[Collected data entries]

-------

lemma exists_cardinal_allocation_keeping_share:
  assumes "0 < k" and "m \<le> k * n" and "valid_instance n m v"
    and "\<And>i. i < n \<Longrightarrow> card (good_bundle m f i) \<le> p"
  shows "\<exists>g\<in>cardinal_allocations n m k. \<forall>i<n.
           (\<Sum>x\<in>good_bundle m f i. v i x) \<le> max (real p / real k) 1 * (\<Sum>x\<in>good_bundle m g i. v i x)"
    (is "\<exists>g\<in>_. \<forall>i<n. _ \<le> ?R * _")
proof -
  have "\<exists>S\<subseteq>good_bundle m f i. card S \<le> k \<and> sum (v i) (good_bundle m f i) \<le> ?R * sum (v i) S"
    if "i < n" for i
    using assms(1,3) assms(4)[OF that] that
    by (intro exists_subset_card_le_sum_ge)
      (auto simp: finite_good_bundle valid_instance_def good_bundle_def)
  then obtain S where S: "\<And>i. i < n \<Longrightarrow> S i \<subseteq> good_bundle m f i \<and> card (S i) \<le> k \<and>
      sum (v i) (good_bundle m f i) \<le> ?R * sum (v i) (S i)"
    by metis
  have "S i \<subseteq> {..<m}" if "i < n" for i
    using S[OF that] good_bundle_subset by blast
  moreover have "card (S i) \<le> k" if "i < n" for i
    using S[OF that] by blast
  moreover have "S i \<inter> S j = {}" if "i < n" "j < n" "i \<noteq> j" for i j
    using S[OF that(1)] S[OF that(2)] good_bundles_disjoint[OF that(3)] by blast
  ultimately obtain g where g: "g \<in> cardinal_allocations n m k"
    "\<And>i. i < n \<Longrightarrow> S i \<subseteq> good_bundle m g i"
    using exists_cardinal_allocation_extending[OF assms(2), of S] by blast
  have "sum (v i) (good_bundle m f i) \<le> ?R * sum (v i) (good_bundle m g i)" if "i < n" for i
  proof -
    have "sum (v i) (S i) \<le> sum (v i) (good_bundle m g i)"
      using g(2)[OF that] that assms(3)
      by (auto simp: valid_instance_def good_bundle_def intro!: sum_mono2)
    then have "?R * sum (v i) (S i) \<le> ?R * sum (v i) (good_bundle m g i)"
      by (intro mult_left_mono) auto
    then show ?thesis using S[OF that] by linarith
  qed
  then show ?thesis using g(1) by blast
qed

lemma OPT_ESW_le_card_ESW:
  assumes "0 < n" and "0 < k" and "n \<le> m" and "m \<le> k * n" and "valid_instance n m v"
  shows "OPT_ESW n m v \<le> max (real (m - n + 1) / real k) 1 * card_ESW n m k v"
    (is "_ \<le> ?R * _")
proof (cases "OPT_ESW n m v \<le> 0")
  case True
  obtain g where "card_ESW n m k v = ESW n m v g"
    using card_ESW_attained[OF assms(4)] by blast
  then have "0 \<le> card_ESW n m k v"
    using ESW_nonneg[OF assms(1,5)] by simp
  then have "0 \<le> ?R * card_ESW n m k v" by simp
  then show ?thesis using True by linarith
next
  case False
  obtain f where f: "f \<in> allocations n m" "OPT_ESW n m v = ESW n m v f"
    using OPT_ESW_attained[OF assms(1)] by blast
  have OPT_le: "OPT_ESW n m v \<le> sum (v i) (good_bundle m f i)" if "i < n" for i
    using ESW_le[OF that] f(2) by simp
  then have "good_bundle m f i \<noteq> {}" if "i < n" for i
    using False that by fastforce
  then have "card (good_bundle m f i) \<le> m - n + 1" if "i < n" for i
    using card_good_bundle_le[OF f(1)] that by blast
  then obtain g where g: "g \<in> cardinal_allocations n m k"
    "\<forall>i<n. sum (v i) (good_bundle m f i) \<le> ?R * sum (v i) (good_bundle m g i)"
    using exists_cardinal_allocation_keeping_share[OF assms(2,4,5)] by blast
  obtain i where i: "i < n" "ESW n m v g = sum (v i) (good_bundle m g i)"
    using ESW_attained[OF assms(1)] by blast
  have "OPT_ESW n m v \<le> sum (v i) (good_bundle m f i)"
    using OPT_le[OF i(1)] .
  also have "\<dots> \<le> ?R * ESW n m v g"
    using g(2) i by simp
  also have "\<dots> \<le> ?R * card_ESW n m k v"
    using ESW_le_card_ESW[OF g(1)] by (intro mult_left_mono) auto
  finally show ?thesis .
qed

lemma card_ESW_pos:
  assumes "0 < n" and "0 < k" and "n \<le> m" and "m \<le> k * n" and "valid_instance n m v"
    and "OPT_ESW n m v \<noteq> 0"
  shows "0 < card_ESW n m k v"
proof -
  obtain f where "OPT_ESW n m v = ESW n m v f"
    using OPT_ESW_attained[OF assms(1)] by blast
  then have "0 < OPT_ESW n m v"
    using ESW_nonneg[OF assms(1,5), of f] assms(6) by linarith
  then have "0 < max (real (m - n + 1) / real k) 1 * card_ESW n m k v"
    using OPT_ESW_le_card_ESW[OF assms(1-5)] by linarith
  then show ?thesis by (simp add: zero_less_mult_iff)
qed

lemma esw_ratio_le:
  assumes "0 < n" and "0 < k" and "n \<le> m" and "m \<le> k * n" and "valid_instance n m v"
  shows "esw_ratio n m k v \<le> ereal (max (real (m - n + 1) / real k) 1)"
proof (cases "OPT_ESW n m v = 0")
  case True
  then show ?thesis unfolding esw_ratio_def by (simp add: le_max_iff_disj)
next
  case False
  have "0 < card_ESW n m k v" using card_ESW_pos[OF assms False] .
  then have "OPT_ESW n m v / card_ESW n m k v \<le> max (real (m - n + 1) / real k) 1"
    using OPT_ESW_le_card_ESW[OF assms] by (simp add: pos_divide_le_eq)
  moreover have "esw_ratio n m k v = ereal (OPT_ESW n m v / card_ESW n m k v)"
    unfolding esw_ratio_def using False \<open>0 < card_ESW n m k v\<close> by simp
  ultimately show ?thesis by (simp only: ereal_less_eq(3))
qed

definition hard_instance :: "nat \<Rightarrow> nat \<Rightarrow> nat \<Rightarrow> nat \<Rightarrow> real" where
  "hard_instance n m i g =
     (if i = 0 then (if g \<le> m - n then 1 / real (m - n + 1) else 0)
      else if g = m - n + i then 1 else 0)"

lemma valid_hard_instance:
  assumes "n \<le> m"
  shows "valid_instance n m (hard_instance n m)"
  unfolding valid_instance_def
proof (intro conjI allI impI)
  fix i g assume "i < n" "g < m"
  then show "0 \<le> hard_instance n m i g" by (simp add: hard_instance_def)
next
  fix i assume i: "i < n"
  show "(\<Sum>g<m. hard_instance n m i g) = 1"
  proof (cases "i = 0")
    case True
    have "{..<m} \<inter> {g. g \<le> m - n} = {..m - n}" using i assms by auto
    then show ?thesis using True by (simp add: hard_instance_def sum.If_cases)
  next
    case False
    then show ?thesis using i assms by (simp add: hard_instance_def)
  qed
qed

lemma OPT_ESW_hard_instance:
  assumes "0 < n" and "n \<le> m"
  shows "1 \<le> OPT_ESW n m (hard_instance n m)"
proof -
  \<comment> \<open>goods up to m - n go to agent 0, good m - n + i to agent i\<close>
  define f where "f = (\<lambda>g\<in>{..<m}. g - (m - n))"
  have f: "f \<in> allocations n m"
    unfolding allocations_def f_def using assms by auto
  obtain i where i: "i < n" "ESW n m (hard_instance n m) f = sum (hard_instance n m i) (good_bundle m f i)"
    using ESW_attained[OF assms(1)] by blast
  have "1 \<le> sum (hard_instance n m i) (good_bundle m f i)"
  proof (cases "i = 0")
    case True
    have "good_bundle m f i = {..m - n}"
      unfolding good_bundle_def f_def True using assms by auto
    then show ?thesis using True by (simp add: hard_instance_def)
  next
    case False
    have "good_bundle m f i = {m - n + i}"
      unfolding good_bundle_def f_def using False i assms by auto
    then show ?thesis using False by (simp add: hard_instance_def)
  qed
  also have "\<dots> = ESW n m (hard_instance n m) f"
    using i(2) by simp
  also have "\<dots> \<le> OPT_ESW n m (hard_instance n m)"
    by (rule ESW_le_OPT_ESW[OF f])
  finally show ?thesis .
qed

lemma card_ESW_hard_instance:
  assumes "0 < n" and "m \<le> k * n"
  shows "card_ESW n m k (hard_instance n m) \<le> real k / real (m - n + 1)"
proof -
  obtain f where f: "f \<in> cardinal_allocations n m k"
    "card_ESW n m k (hard_instance n m) = ESW n m (hard_instance n m) f"
    using card_ESW_attained[OF assms(2)] by blast
  have "ESW n m (hard_instance n m) f \<le> sum (hard_instance n m 0) (good_bundle m f 0)"
    using ESW_le[OF assms(1)] .
  also have "\<dots> \<le> real (card (good_bundle m f 0)) * (1 / real (m - n + 1))"
    by (intro sum_bounded_above) (simp add: hard_instance_def)
  also have "\<dots> \<le> real k * (1 / real (m - n + 1))"
    using f(1) assms(1) unfolding cardinal_allocations_def by (intro mult_right_mono) auto
  finally show ?thesis using f(2) by simp
qed

lemma esw_ratio_hard_instance_ge:
  assumes "0 < n" and "0 < k" and "n \<le> m" and "m \<le> k * n"
  shows "ereal (max (real (m - n + 1) / real k) 1) \<le> esw_ratio n m k (hard_instance n m)"
proof -
  let ?v = "hard_instance n m"
  have opt: "1 \<le> OPT_ESW n m ?v"
    using OPT_ESW_hard_instance[OF assms(1,3)] .
  have c_pos: "0 < card_ESW n m k ?v"
    using card_ESW_pos[OF assms valid_hard_instance[OF assms(3)]] opt by simp
  have "1 \<le> OPT_ESW n m ?v / card_ESW n m k ?v"
    using card_ESW_le_OPT_ESW[OF assms(4)] c_pos by simp
  moreover have "real (m - n + 1) / real k \<le> OPT_ESW n m ?v / card_ESW n m k ?v"
  proof -
    have "card_ESW n m k ?v * real (m - n + 1) \<le> real k"
      using card_ESW_hard_instance[OF assms(1,4)] by (simp add: le_divide_eq)
    then have "real (m - n + 1) / real k \<le> 1 / card_ESW n m k ?v"
      using c_pos assms(2) by (simp add: divide_le_eq le_divide_eq mult.commute)
    also have "\<dots> \<le> OPT_ESW n m ?v / card_ESW n m k ?v"
      using opt c_pos by (intro divide_right_mono) auto
    finally show ?thesis .
  qed
  ultimately show ?thesis
    unfolding esw_ratio_def using opt c_pos by simp
qed

theorem theorem2:
  fixes n m k :: nat
  assumes "0 < n" and "0 < m" and "0 < k" and "n \<le> m" and "k < m" and "m \<le> k * n"
  shows "(SUP v\<in>{v. valid_instance n m v}. esw_ratio n m k v)
           = ereal (max ((real m - real n + 1) / real k) 1)"
proof -
  have R: "real m - real n + 1 = real (m - n + 1)"
    using assms(4) by simp
  show ?thesis unfolding R
  proof (rule antisym)
    show "(SUP v\<in>{v. valid_instance n m v}. esw_ratio n m k v)
        \<le> ereal (max (real (m - n + 1) / real k) 1)"
      using esw_ratio_le[OF assms(1,3,4,6)] by (intro SUP_least) simp
    show "ereal (max (real (m - n + 1) / real k) 1)
        \<le> (SUP v\<in>{v. valid_instance n m v}. esw_ratio n m k v)"
      using esw_ratio_hard_instance_ge[OF assms(1,3,4,6)] valid_hard_instance[OF assms(4)]
      by (intro SUP_upper2[of "hard_instance n m"]) simp_all
  qed
qed

end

-------

What you will do: Find the word "False" in the records and pull out each line that has it.

Task result:
  case False
    using False that by fastforce
  case False
  have "0 < card_ESW n m k v" using card_ESW_pos[OF assms False] .
    unfolding esw_ratio_def using False \<open>0 < card_ESW n m k v\<close> by simp
    case False
    case False
      unfolding good_bundle_def f_def using False i assms by auto
    then show ?thesis using False by (simp add: hard_instance_def)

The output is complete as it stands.